Hello,
I’m trying to use the “Verify that Startup type of “Print Spooler” service is disabled” fixlet to disable the Print Spooler service but I see the “Take Action” button is grayed out. Why is it so?
Thank you,
Jennifer
Hello,
I’m trying to use the “Verify that Startup type of “Print Spooler” service is disabled” fixlet to disable the Print Spooler service but I see the “Take Action” button is grayed out. Why is it so?
Thank you,
Jennifer
What site this task is under? It depends on what Relevance conditions are used in the task.
Sounds like a Compliance check. Not all compliance checks have remediation actions and that is why the Take Action button is greyed out.
That aside, if you want to stop the service and set the startup type to “disabled” there is a fixlet that was posted by @brolly33 to address the recent PrintNightmare vuln here that will do that for you…

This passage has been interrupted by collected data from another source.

(* (a) Let $E=\bigcup_n E_n$ and $F=\bigcup_n F_n$ be locally convex direct limits of ascending sequences of Banach spaces $(E_n)$ and $(F_n)$ (with injective continuous linear bonding maps), and assume both sequences are compactly regular. Then $E\times F$ (with the product topology) is the locally convex direct limit $\bigcup_n(E_n\times F_n)$, and the sequence $(E_n\times F_n)_n$ is compactly regular. (b) Let $(E_n)_n$ and $(F_n)_n$ be ascending sequences of locally convex spaces with injective continuous linear bonding maps, with locally convex direct limits $E=\bigcup_n E_n$ and $F=\bigcup_n F_n$, and let $\tau_n\colon E_n\to F_n$ be topological embeddings (continuous linear) compatible with the bonding maps, inducing $\tau\colon E\to F$. Assume that for all $m,n\in\mathbb{N}$, every $x\in E_m$ with $\tau(x)\in F_n$ lies in $E_n$, and that $(F_n)_n$ is compactly regular. Then $(E_n)_n$ is compactly regular.
   Context: An ascending sequence $(E_n)$ of locally convex spaces with injective continuous linear bonding maps and direct limit $E=\bigcup_n E_n$ is compactly regular if for every compact subset $C$ of $E$ there is $n\in\mathbb{N}$ such that $C\subseteq E_n$ and $C$ is compact in $E_n$. *)

theory Defs
  imports "HOL-Analysis.Analysis"
begin

text \<open>A (real) topological vector space is modelled as a linear subspace of an ambient
real vector space (its carrier is the topspace of the topology) such that addition and
scalar multiplication are continuous.\<close>

definition tvs_on :: "'a::real_vector topology \<Rightarrow> bool" where
  "tvs_on T \<longleftrightarrow> subspace (topspace T)
     \<and> continuous_map (prod_topology T T) T (\<lambda>(x, y). x + y)
     \<and> continuous_map (prod_topology euclideanreal T) T (\<lambda>(c, x). c *\<^sub>R x)"

definition lc_topology :: "'a::real_vector topology \<Rightarrow> bool" where
  "lc_topology T \<longleftrightarrow> tvs_on T \<and>
     (\<forall>U x. openin T U \<and> x \<in> U \<longrightarrow> (\<exists>V. openin T V \<and> convex V \<and> x \<in> V \<and> V \<subseteq> U))"

definition lc_space :: "'a::real_vector topology \<Rightarrow> bool" where
  "lc_space T \<longleftrightarrow> lc_topology T \<and> Hausdorff_space T"

definition linear_on :: "'a::real_vector set \<Rightarrow> ('a \<Rightarrow> 'b::real_vector) \<Rightarrow> bool" where
  "linear_on S f \<longleftrightarrow> (\<forall>x\<in>S. \<forall>y\<in>S. f (x + y) = f x + f y) \<and> (\<forall>c. \<forall>x\<in>S. f (c *\<^sub>R x) = c *\<^sub>R f x)"

definition banach_on :: "'a::real_vector topology \<Rightarrow> bool" where
  "banach_on T \<longleftrightarrow> subspace (topspace T) \<and>
     (\<exists>N :: 'a \<Rightarrow> real.
        (\<forall>x\<in>topspace T. N x \<ge> 0 \<and> (N x = 0 \<longleftrightarrow> x = 0))
      \<and> (\<forall>x\<in>topspace T. \<forall>y\<in>topspace T. N (x + y) \<le> N x + N y)
      \<and> (\<forall>c. \<forall>x\<in>topspace T. N (c *\<^sub>R x) = \<bar>c\<bar> * N x)
      \<and> Metric_space (topspace T) (\<lambda>x y. N (x - y))
      \<and> T = Metric_space.mtopology (topspace T) (\<lambda>x y. N (x - y))
      \<and> Metric_space.mcomplete (topspace T) (\<lambda>x y. N (x - y)))"

text \<open>Ascending sequence of spaces E_n = topspace (T n) inside a common vector space,
the bonding maps being the (injective, linear) inclusions, required to be continuous.\<close>
definition ascending_seq :: "(nat \<Rightarrow> 'a::real_vector topology) \<Rightarrow> bool" where
  "ascending_seq T \<longleftrightarrow> (\<forall>n. topspace (T n) \<subseteq> topspace (T (Suc n))
      \<and> continuous_map (T n) (T (Suc n)) id)"

definition lc_direct_limit :: "(nat \<Rightarrow> 'a::real_vector topology) \<Rightarrow> 'a topology \<Rightarrow> bool" where
  "lc_direct_limit T L \<longleftrightarrow>
     lc_topology L \<and> topspace L = (\<Union>n. topspace (T n)) \<and> (\<forall>n. continuous_map (T n) L id)
     \<and> (\<forall>L'. lc_topology L' \<and> topspace L' = (\<Union>n. topspace (T n)) \<and> (\<forall>n. continuous_map (T n) L' id)
            \<longrightarrow> (\<forall>U. openin L' U \<longrightarrow> openin L U))"

definition compactly_regular :: "(nat \<Rightarrow> 'a topology) \<Rightarrow> 'a topology \<Rightarrow> bool" where
  "compactly_regular T L \<longleftrightarrow>
     (\<forall>C. compactin L C \<longrightarrow> (\<exists>n. C \<subseteq> topspace (T n) \<and> compactin (T n) C))"

end

theory Submission
  imports Defs
begin

text \<open>
(a) The product of the two limit topologies is locally convex, and every locally convex
topology on \<open>E \<times> F\<close> making the inclusions of the steps \<open>E\<^sub>n \<times> F\<^sub>n\<close> continuous makes
\<open>e \<mapsto> (e,0)\<close> and \<open>f \<mapsto> (0,f)\<close> continuous on \<open>E\<close> and \<open>F\<close> by the universal property, hence also
their sum, the identity on \<open>E \<times> F\<close>. For compact regularity, the projections of a compact set
\<open>C \<subseteq> E \<times> F\<close> lie compactly in some \<open>E\<^sub>n\<close> and \<open>F\<^sub>n\<close>, so \<open>C\<close> lies in a compact subset of \<open>E\<^sub>n \<times> F\<^sub>n\<close>,
in which it is closed because \<open>E \<times> F\<close> is Hausdorff. That \<open>E\<close> is Hausdorff is itself a consequence
of compact regularity: if \<open>v \<noteq> 0\<close> lay in every neighbourhood of \<open>0\<close>, the line \<open>\<real>v\<close> would be compact
in \<open>E\<close>, hence in some Banach space \<open>E\<^sub>n\<close>, where it is unbounded.

(b) The universal property makes the induced map \<open>\<tau> : E \<rightarrow> F\<close> continuous, so the image of a
compact \<open>C \<subseteq> E\<close> lies compactly in some \<open>F\<^sub>n\<close>; the hypothesis on \<open>\<tau>\<close> puts \<open>C\<close> inside \<open>E\<^sub>n\<close>, and since
\<open>\<tau>\<close> embeds \<open>E\<^sub>n\<close> into \<open>F\<^sub>n\<close>, \<open>C\<close> is compact in \<open>E\<^sub>n\<close>.
\<close>

lemma tvs_continuous_map_add:
  assumes "tvs_on L" "continuous_map X L f" "continuous_map X L g"
  shows "continuous_map X L (\<lambda>z. f z + g z)"
proof -
  have "continuous_map X L ((\<lambda>(x, y). x + y) \<circ> (\<lambda>z. (f z, g z)))"
    using assms by (intro continuous_map_compose[OF continuous_map_pairedI]) (auto simp: tvs_on_def)
  then show ?thesis by (simp add: o_def)
qed

lemma tvs_continuous_map_scaleR:
  assumes "tvs_on L" "continuous_map X euclideanreal h" "continuous_map X L f"
  shows "continuous_map X L (\<lambda>z. h z *\<^sub>R f z)"
proof -
  have "continuous_map X L ((\<lambda>(c, x). c *\<^sub>R x) \<circ> (\<lambda>z. (h z, f z)))"
    using assms by (intro continuous_map_compose[OF continuous_map_pairedI]) (auto simp: tvs_on_def)
  then show ?thesis by (simp add: o_def)
qed

lemma ascending_seq_le:
  assumes "ascending_seq T" "m \<le> n"
  shows "topspace (T m) \<subseteq> topspace (T n)" "continuous_map (T m) (T n) id"
proof -
  have "topspace (T m) \<subseteq> topspace (T n) \<and> continuous_map (T m) (T n) id"
    using assms(2)
  proof (induction n rule: dec_induct)
    case (step k)
    have "continuous_map (T m) (T (Suc k)) (id \<circ> id)"
      using step.IH assms(1) unfolding ascending_seq_def by (metis continuous_map_compose)
    then have "continuous_map (T m) (T (Suc k)) id" by simp
    moreover have "topspace (T m) \<subseteq> topspace (T (Suc k))"
      using step.IH assms(1) unfolding ascending_seq_def by blast
    ultimately show ?case by blast
  qed simp
  then show "topspace (T m) \<subseteq> topspace (T n)" "continuous_map (T m) (T n) id" by auto
qed

lemma ascending_seq_Union_Times:
  assumes "ascending_seq TE" "ascending_seq TF"
  shows "(\<Union>n. topspace (TE n) \<times> topspace (TF n)) = (\<Union>n. topspace (TE n)) \<times> (\<Union>n. topspace (TF n))"
proof (intro equalityI subsetI)
  fix p assume "p \<in> (\<Union>n. topspace (TE n)) \<times> (\<Union>n. topspace (TF n))"
  then obtain m k where "fst p \<in> topspace (TE m)" "snd p \<in> topspace (TF k)" by auto
  then have "fst p \<in> topspace (TE (max m k))" "snd p \<in> topspace (TF (max m k))"
    using ascending_seq_le(1)[OF assms(1), of m "max m k"]
      ascending_seq_le(1)[OF assms(2), of k "max m k"] by auto
  then have "p \<in> topspace (TE (max m k)) \<times> topspace (TF (max m k))" by (simp add: mem_Times_iff)
  then show "p \<in> (\<Union>n. topspace (TE n) \<times> topspace (TF n))" by blast
qed blast

lemma ascending_seq_linear_on_Union:
  assumes "ascending_seq T" "\<And>n. linear_on (topspace (T n)) g"
  shows "linear_on (\<Union>n. topspace (T n)) g"
  unfolding linear_on_def
proof (intro conjI ballI allI)
  fix x y assume "x \<in> (\<Union>n. topspace (T n))" "y \<in> (\<Union>n. topspace (T n))"
  then obtain m k where "x \<in> topspace (T m)" "y \<in> topspace (T k)" by blast
  then have "x \<in> topspace (T (max m k))" "y \<in> topspace (T (max m k))"
    using ascending_seq_le(1)[OF assms(1), of m "max m k"]
      ascending_seq_le(1)[OF assms(1), of k "max m k"] by auto
  then show "g (x + y) = g x + g y" using assms(2) by (simp add: linear_on_def)
next
  fix c x assume "x \<in> (\<Union>n. topspace (T n))"
  then show "g (c *\<^sub>R x) = c *\<^sub>R g x" using assms(2) by (auto simp: linear_on_def)
qed

lemma convex_vimage_linear_on:
  assumes S: "subspace S" and g: "linear_on S g" and W: "convex W"
  shows "convex (g -` W \<inter> S)"
  unfolding convex_def
proof (intro ballI allI impI)
  fix a b and u v :: real
  assume ab: "a \<in> g -` W \<inter> S" "b \<in> g -` W \<inter> S" and uv: "0 \<le> u" "0 \<le> v" "u + v = 1"
  have "u *\<^sub>R a \<in> S" "v *\<^sub>R b \<in> S" using ab S by (auto simp: subspace_scale)
  then have "g (u *\<^sub>R a + v *\<^sub>R b) = u *\<^sub>R g a + v *\<^sub>R g b"
    using g ab by (auto simp: linear_on_def)
  moreover have "u *\<^sub>R g a + v *\<^sub>R g b \<in> W" using W ab uv unfolding convex_def by auto
  moreover have "u *\<^sub>R a + v *\<^sub>R b \<in> S" using \<open>u *\<^sub>R a \<in> S\<close> \<open>v *\<^sub>R b \<in> S\<close> S by (simp add: subspace_add)
  ultimately show "u *\<^sub>R a + v *\<^sub>R b \<in> g -` W \<inter> S" by simp
qed

lemma lc_topology_pullback:
  assumes L: "lc_topology L" and S: "subspace S" and g: "linear_on S g"
    and gS: "g ` S \<subseteq> topspace L"
  shows "lc_topology (pullback_topology S g L)"
proof -
  let ?P = "pullback_topology S g L"
  have tL: "tvs_on L" using L by (simp add: lc_topology_def)
  have tp: "topspace ?P = S" using gS by (auto simp: topspace_pullback_topology)
  have cg: "continuous_map ?P L g"
    using continuous_map_pullback[OF continuous_map_id, of S g L] by simp
  have add: "continuous_map (prod_topology ?P ?P) ?P (\<lambda>(x, y). x + y)"
  proof (rule continuous_map_pullback')
    have "continuous_map (prod_topology ?P ?P) L (\<lambda>p. g (fst p) + g (snd p))"
      using tL cg by (intro tvs_continuous_map_add)
        (auto intro: continuous_map_compose[unfolded o_def, OF continuous_map_fst]
          continuous_map_compose[unfolded o_def, OF continuous_map_snd])
    then show "continuous_map (prod_topology ?P ?P) L (g \<circ> (\<lambda>(x, y). x + y))"
      by (rule continuous_map_eq) (use g tp in \<open>auto simp: linear_on_def\<close>)
    show "topspace (prod_topology ?P ?P) \<subseteq> (\<lambda>(x, y). x + y) -` S"
      using tp S by (auto simp: subspace_add)
  qed
  have scale: "continuous_map (prod_topology euclideanreal ?P) ?P (\<lambda>(c, x). c *\<^sub>R x)"
  proof (rule continuous_map_pullback')
    have "continuous_map (prod_topology euclideanreal ?P) L (\<lambda>p. fst p *\<^sub>R g (snd p))"
      using tL cg by (intro tvs_continuous_map_scaleR)
        (auto intro: continuous_map_fst continuous_map_compose[unfolded o_def, OF continuous_map_snd])
    then show "continuous_map (prod_topology euclideanreal ?P) L (g \<circ> (\<lambda>(c, x). c *\<^sub>R x))"
      by (rule continuous_map_eq) (use g tp in \<open>auto simp: linear_on_def\<close>)
    show "topspace (prod_topology euclideanreal ?P) \<subseteq> (\<lambda>(c, x). c *\<^sub>R x) -` S"
      using tp S by (auto simp: subspace_scale)
  qed
  have "\<exists>V. openin ?P V \<and> convex V \<and> x \<in> V \<and> V \<subseteq> U" if UP: "openin ?P U" "x \<in> U" for U x
  proof -
    obtain V where V: "openin L V" "U = g -` V \<inter> S"
      using openin_pullback_topology[THEN iffD1, OF UP(1)] by blast
    moreover have "g x \<in> V" using UP(2) V(2) by blast
    ultimately obtain W where W: "openin L W" "convex W" "g x \<in> W" "W \<subseteq> V"
      using L unfolding lc_topology_def by meson
    have "openin ?P (g -` W \<inter> S)" using W by (auto simp: openin_pullback_topology)
    moreover have "convex (g -` W \<inter> S)" by (rule convex_vimage_linear_on[OF S g W(2)])
    moreover have "x \<in> g -` W \<inter> S" "g -` W \<inter> S \<subseteq> U" using W V UP(2) by auto
    ultimately show ?thesis by blast
  qed
  then show ?thesis unfolding lc_topology_def tvs_on_def using tp S add scale by auto
qed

https://bigfix.me/fixlet/details/26860
It’s under the PCI DSS Checklist site that we enabled.
Thank you, it seems odd for it to be grayed out since all the clients on the console are applicable to that check.
I wrote a fixlet to disable the Print Spooler service as a work around
I don’t have the PCI DSS checklists in my console, but if memory serves none of the PCI DSS checklists have remediation capabilities (the action part) like many of the other checklists do (CIS, DISA). Glad you were able to get it sorted out though.
Hi vhenry,
May be it will be useful try below action script and relevance.
Action Script:
wait cmd.exe /C “REG add HKEY_LOCAL_MACHINE\SYSTEM\CurrentControlSet\Services\Spooler /V Start /t REG_DWORD /d 4” /f
wait cmd.exe /C “net stop Spooler”
Relevance:
name of operating system contains “Win” AND exists running service “Spooler”
Similar to above but with tweaked relevance to account for both service state and startup type:
Action Script:
action uses wow64 redirection {not x64 of operating system}
waithidden cmd /C powershell -ExecutionPolicy Bypass -command "Stop-Service -Name Spooler -Force ; Set-Service -Name Spooler -StartupType Disabled"
Relevance:
windows of operating system AND exists services "spooler" whose (state of it != "Stopped" OR start type of it != "disabled")
MS started to release an out of band patch for Spooler issue
KB5005010
https://support.microsoft.com/en-us/topic/31b91c02-05bc-4ada-a7ea-183b129578a7
Interesting that you prefer the powershell method.
I like sc.exe for this
wait sc.exe stop spooler
wait sc.exe config spooler start= disabled
and to reverse it later:
wait sc.exe config spooler start= auto
wait sc.exe start spooler
tomayto, tomahto?
Oftentimes, it comes down to where my mind was at the time of creation.